Africa’s slowly expanding cast of LNG players
But as the AEC explains in The State of African Energy Q1 2023 Report,” these commitments are not going to change the picture for African LNG immediately. For the time being, the continent’s LNG business will continue to be dominated by the most established players: Egypt, Algeria, and Nigeria (and to a lesser extent, Equatorial Guinea and Angola).
Algeria and Egypt, our report notes, likely will maintain their existing LNG infrastructure capacity of about 29 million tonnes per year and 12.7 million tonnes per year respectively.
Nigeria, meanwhile, will increase its LNG infrastructure capacity from 22 million tonnes per annum (MMtpa) to 30 MMtpa when it completes the Nigeria LNG (NLNG) Train 7 development, our report states. The project by Nigeria LNG — a venture comprising the Nigerian National Petroleum Corporation (NNPC), Shell, TotalEnergies, and Eni — calls for the construction of an additional LNG train and a liquefaction unit for Nigeria’s six-train Bonny plant.
Train 7, which was about 32% complete in late 2022, is intended to meet local needs while increasing Nigerian LNG exports, diversifying Nigeria’s revenue portfolio, and helping the country better capitalize on its 200 tcf of natural gas reserves.
Nigerian maritime logistics company UTM Offshore, meanwhile, likely will nudge up Nigeria’s capacity to just over 31 MMtpa when it completes the FLING project I mentioned above. As of last November, the FLNG was expected to start operating in 2027.
True, BP is due to begin first-phase production at Grand Tortue/Ahmeyim (GTA) block in late 2023, and Eni and its partners are set to expand LNG production at the Coral field offshore Mozambique. Indeed, the AEC expects these projects to help push African LNG exports up to the equivalent of 66 billion cubic meters this year, up 5% on 2022.

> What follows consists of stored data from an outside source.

text \<open>If \<open>|y - \<zeta>| \<ge> 1\<close> for all roots \<open>\<zeta>\<close> of \<open>X\<^sup>N - 1\<close>, then \<open>|y\<^sup>N - 1| = \<Prod>|y - \<zeta>| \<ge> 1\<close>.\<close>
lemma exists_root_of_unity_close:
  assumes "absv (y ^ N - 1) < 1" "N > 0"
  shows "\<exists>\<zeta>. \<zeta> ^ N = 1 \<and> absv (y - \<zeta>) < 1"
proof -
  define p :: "'c poly" where "p = monom 1 N + [:- 1:]"
  have poly_p: "poly p x = x ^ N - 1" for x
    unfolding p_def by (simp add: poly_monom)
  have "degree p = N"
    unfolding p_def using assms(2) by (subst degree_add_eq_left) (auto simp: degree_monom_eq)
  hence "lead_coeff p = 1"
    using assms(2) unfolding p_def by (cases N) simp_all
  hence "p \<noteq> 0"
    by auto
  then obtain rs where rs: "\<forall>x. poly p x = prod_list (map (\<lambda>r. x - r) rs)"
    using poly_eq_lead_coeff_prod_linear[OF \<open>p \<noteq> 0\<close>] \<open>lead_coeff p = 1\<close> by auto
  have "\<exists>r\<in>set rs. absv (y - r) < 1"
  proof (rule ccontr)
    assume "\<not> ?thesis"
    hence "1 \<le> prod_list (map absv (map (\<lambda>r. y - r) rs))"
      by (induction rs) (auto simp: not_less intro: order.trans[OF _ mult_mono[of 1 _ 1, simplified]])
    thus False
      using assms(1) rs poly_p by (simp add: absv_prod_list)
  qed
  then obtain r where "r \<in> set rs" "absv (y - r) < 1"
    by blast
  moreover have "r ^ N = 1"
    using rs poly_p \<open>r \<in> set rs\<close> by (metis eq_iff_diff_eq_0 prod_list_zero_iff imageI list.set_map diff_self)
  ultimately show ?thesis
    by blast
qed

end

section \<open>The Drinfeld setting and its value group\<close>

locale drinfeld =
  fixes absv :: "'c::field \<Rightarrow> real" and F K :: "'c set" and q d :: nat
    and \<pi> :: 'c and \<rho> :: "rat \<Rightarrow> 'c"
  assumes setting: "drinfeld_setting absv F K q d \<pi> \<rho>"

sublocale drinfeld \<subseteq> nonarch_alg_closed_field absv
  using setting unfolding drinfeld_setting_def by unfold_locales blast+

context drinfeld
begin

lemma algebraic_dense: "closure_abs absv {x. algebraic_over (closure_abs absv K) x} = UNIV"
  and K_subfield: "is_subfield K"
  and d_pos: "d \<ge> 1"
  and residue_field_card: "card (residue_field_inf absv K) = q ^ d"
  and pi_in_K: "\<pi> \<in> K"
  and absv_le_pi_if_lt_1: "x \<in> K \<Longrightarrow> absv x < 1 \<Longrightarrow> absv x \<le> absv \<pi>"
  and rho_1: "\<rho> 1 = \<pi>"
  and rho_add: "\<rho> (a + b) = \<rho> a * \<rho> b"
  using setting unfolding drinfeld_setting_def global_function_field_def by blast+

lemma CHAR_pos: "CHAR('c) > 0"
proof -
  have "is_subfield F" "finite F"
    using setting unfolding drinfeld_setting_def global_function_field_def by blast+
  thus ?thesis
    by (rule CHAR_pos_if_finite_subfield)
qed

lemma q_gt_1: "real q > 1"
proof -
  have "{0, 1} \<subseteq> F" "finite F" "is_subfield F" "card F = q"
    using setting subfield_zero subfield_one
    unfolding drinfeld_setting_def global_function_field_def by auto
  hence "card {0::'c, 1} \<le> q"
    using card_mono by metis
  thus ?thesis
    by simp
qed

lemma q_pos [simp]: "q > 0"
  using q_gt_1 by simp

abbreviation q_inf :: real where
  "q_inf \<equiv> real q powr real d"

lemma q_inf_gt_1: "q_inf > 1"
  using q_gt_1 d_pos by simp

lemma absv_pi: "absv \<pi> = q_inf powr - 1"
proof -
  have "absv \<pi> = real q powr (- real d)"
    using setting unfolding drinfeld_setting_def by blast
  thus ?thesis
    unfolding powr_powr by simp
qed

lemma pi_nonzero: "\<pi> \<noteq> 0"
  using absv_pi q_inf_gt_1 by auto

lemma absv_pi_power_int: "absv (\<pi> powi e) = q_inf powr (- of_int e)"
proof -
  have "q_inf powr of_int e = q_inf powi e"
    using q_inf_gt_1 by (intro powr_real_of_int') auto
  moreover have "absv \<pi> = inverse q_inf"
    using absv_pi by (simp add: powr_minus)
  ultimately show ?thesis
    by (simp add: absv_power_int power_int_inverse powr_minus)
qed

text \<open>A suitable power of \<open>\<pi>\<close> moves \<open>|x|\<close> into \<open>[1, q_inf)\<close>; as \<open>\<pi>\<close> is a uniformizer, no element
  of \<open>K\<close> has absolute value strictly between \<open>|\<pi>|\<close> and \<open>1\<close>, so the result is a unit.\<close>
lemma absv_K_in_value_group:
  assumes "x \<in> K" "x \<noteq> 0"
  shows "\<exists>e::int. absv x = q_inf powr e"
proof -
  define L where "L = log q_inf (absv x)"
  define e where "e = \<lfloor>L\<rfloor>"
  have x: "absv x = q_inf powr L"
    unfolding L_def using q_inf_gt_1 assms(2) by (intro powr_log_cancel[symmetric]) (auto simp: absv_pos_iff)
  define u where "u = inverse (x * \<pi> powi e)"
  have "u \<in> K"
    unfolding u_def using assms(1) pi_in_K K_subfield
    by (intro subfield_inverse subfield_mult subfield_power_int) auto
  have "absv u = q_inf powr (e - L)"
    unfolding u_def x absv_inverse absv_mult absv_pi_power_int
    by (simp add: powr_add[symmetric] powr_minus[symmetric])
  moreover have "e - L > - 1"
    unfolding e_def by linarith
  ultimately have "absv u > absv \<pi>"
    unfolding absv_pi using q_inf_gt_1 by (metis powr_less_mono)
  hence "\<not> absv u < 1"
    using absv_le_pi_if_lt_1[OF \<open>u \<in> K\<close>] by linarith
  hence "q_inf powr 0 \<le> q_inf powr (e - L)"
    using \<open>absv u = _\<close> by simp
  hence "L \<le> e"
    by (simp only: powr_le_cancel_iff[OF q_inf_gt_1])
  hence "L = e"
    unfolding e_def by linarith
  thus ?thesis
    using x by blast
qed

lemma absv_rational_value:
  assumes "z \<noteq> 0"
  shows "\<exists>a::rat. absv z = q_inf powr of_rat a"
proof -
  obtain s where s: "algebraic_over (closure_abs absv K) s" "absv s = absv z"
    using closure_abs_absv[of z] algebraic_dense assms by blast
  have "\<exists>e::int. absv y = q_inf powr e" if y: "y \<in> closure_abs absv K" "y \<noteq> 0" for y
  proof -
    obtain s' where s': "s' \<in> K" "absv s' = absv y"
      using closure_abs_absv[OF y] .
    hence "s' \<noteq> 0"
      using y(2) by (metis absv_eq_0_iff)
    thus ?thesis
      using absv_K_in_value_group[OF s'(1)] s'(2) by simp
  qed
  moreover have "s \<noteq> 0"
    using s(2) assms by auto
  ultimately obtain m :: int and n :: nat where "n > 0" "absv s ^ n = q_inf powr m"
    using algebraic_absv_power_in_value_group[OF _ _ s(1)] q_inf_gt_1 by (metis less_trans zero_less_one)
  hence "absv z = q_inf powr (m / n)"
    using s(2) q_inf_gt_1 by (intro eq_powr_divide_if_power_eq) auto
  thus ?thesis
    by (metis of_rat_divide of_rat_of_int_eq of_rat_of_nat_eq)
qed

lemma absv_rho: "absv (\<rho> a) = q_inf powr (- of_rat a)"
proof -
  have "absv (\<rho> a) = (q_inf powr - 1) powr of_rat a"
    using absv_rat_hom[of \<rho> a, OF rho_add] pi_nonzero unfolding rho_1 absv_pi by blast
  thus ?thesis
    unfolding powr_powr by simp
qed

definition rlog :: "'c \<Rightarrow> rat" where
  "rlog z = (THE a. of_rat a = logq absv q z / real d)"

lemma rlog_eqI:
  assumes "absv z = q_inf powr of_rat a"
  shows "rlog z = a"
proof -
  have "logq absv q z / real d = of_rat a"
    unfolding logq_def assms using q_gt_1 d_pos by (simp add: powr_powr)
  thus ?thesis
    unfolding rlog_def by (intro the_equality) (auto simp: of_rat_eq_iff)
qed

lemma absv_eq_powr_rlog: "z \<noteq> 0 \<Longrightarrow> absv z = q_inf powr of_rat (rlog z)"
  using absv_rational_value rlog_eqI by metis

lemma absv_unit_part: "z \<noteq> 0 \<Longrightarrow> absv (z * \<rho> (rlog z)) = 1"
  using q_inf_gt_1 by (simp add: absv_mult absv_rho absv_eq_powr_rlog powr_add[symmetric])

lemma sgnC_eq_sgn1: "sgnC absv q d \<rho> z = sgn1 absv (z * \<rho> (rlog z))"
  unfolding sgnC_def rlog_def ..

section \<open>Units are congruent to roots of unity\<close>

definition O_inf :: "'c set" where
  "O_inf = {x \<in> K. absv x \<le> 1}"

lemma O_inf_zero: "0 \<in> O_inf"
  and O_inf_one: "1 \<in> O_inf"
  and O_inf_add: "x \<in> O_inf \<Longrightarrow> y \<in> O_inf \<Longrightarrow> x + y \<in> O_inf"
  and O_inf_mult: "x \<in> O_inf \<Longrightarrow> y \<in> O_inf \<Longrightarrow> x * y \<in> O_inf"
  unfolding O_inf_def
  using K_subfield subfield_zero subfield_one subfield_add subfield_mult
    absv_add_le_max[of x y]
  by (auto simp: absv_mult mult_le_one)

lemma residue_representatives:
  obtains T where "finite T" "T \<subseteq> K" "\<And>u. u \<in> O_inf \<Longrightarrow> \<exists>t\<in>T. absv (u - t) < 1"
proof -
  define R where "R = {(x, y). x \<in> K \<and> y \<in> K \<and> absv x \<le> 1 \<and> absv y \<le> 1 \<and> absv (x - y) < 1}"
  have "card (O_inf // R) = q ^ d"
    using residue_field_card unfolding residue_field_inf_def O_inf_def R_def .
  hence "finite (O_inf // R)"
    using q_pos by (metis card_ge_0_finite zero_less_power)
  define T where "T = (\<lambda>C. SOME x. x \<in> C) ` (O_inf // R)"
  have rep: "(SOME x. x \<in> R `` {u}) \<in> R `` {u}" if "u \<in> O_inf" for u
  proof (rule someI)
    show "u \<in> R `` {u}"
      using that unfolding R_def O_inf_def by simp
  qed
  have "T \<subseteq> K"
  proof
    fix t
    assume "t \<in> T"
    then obtain u where "u \<in> O_inf" "t = (SOME x. x \<in> R `` {u})"
      unfolding T_def quotient_def by blast
    thus "t \<in> K"
      using rep[of u] unfolding R_def by auto
  qed
  moreover have "\<exists>t\<in>T. absv (u - t) < 1" if "u \<in> O_inf" for u
    using rep[OF that] that unfolding T_def quotient_def by (auto simp: R_def)
  ultimately show thesis
    using that \<open>finite (O_inf // R)\<close> unfolding T_def by blast
qed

However, it’s going to take time to bring the rest of the new projects on stream and to build all these new onshore and offshore LNG plants. Tanzania LNG, for example, is not expected to begin production until 2028, and Eni’s Marine XII project will not reach its full capacity of 3 million tonnes per year until late 2025. TotalEnergies of France is not likely to begin commercial operations on the Mozambique LNG project before 2025, and the U.S. giant ExxonMobil will need even more time to launch its Rovuma LNG project in Mozambique, since it has yet to reach the FID stage.
This means that Algeria, Egypt, and Nigeria will continue to account for the majority of the LNG coming out of Africa for the next few years — and that the balance won’t really start to shift until the end of the decade. IOCs and EU states are currently laying the groundwork for expanding production and opening up new basins to support LNG projects, but it will take a few years for their efforts to pay off.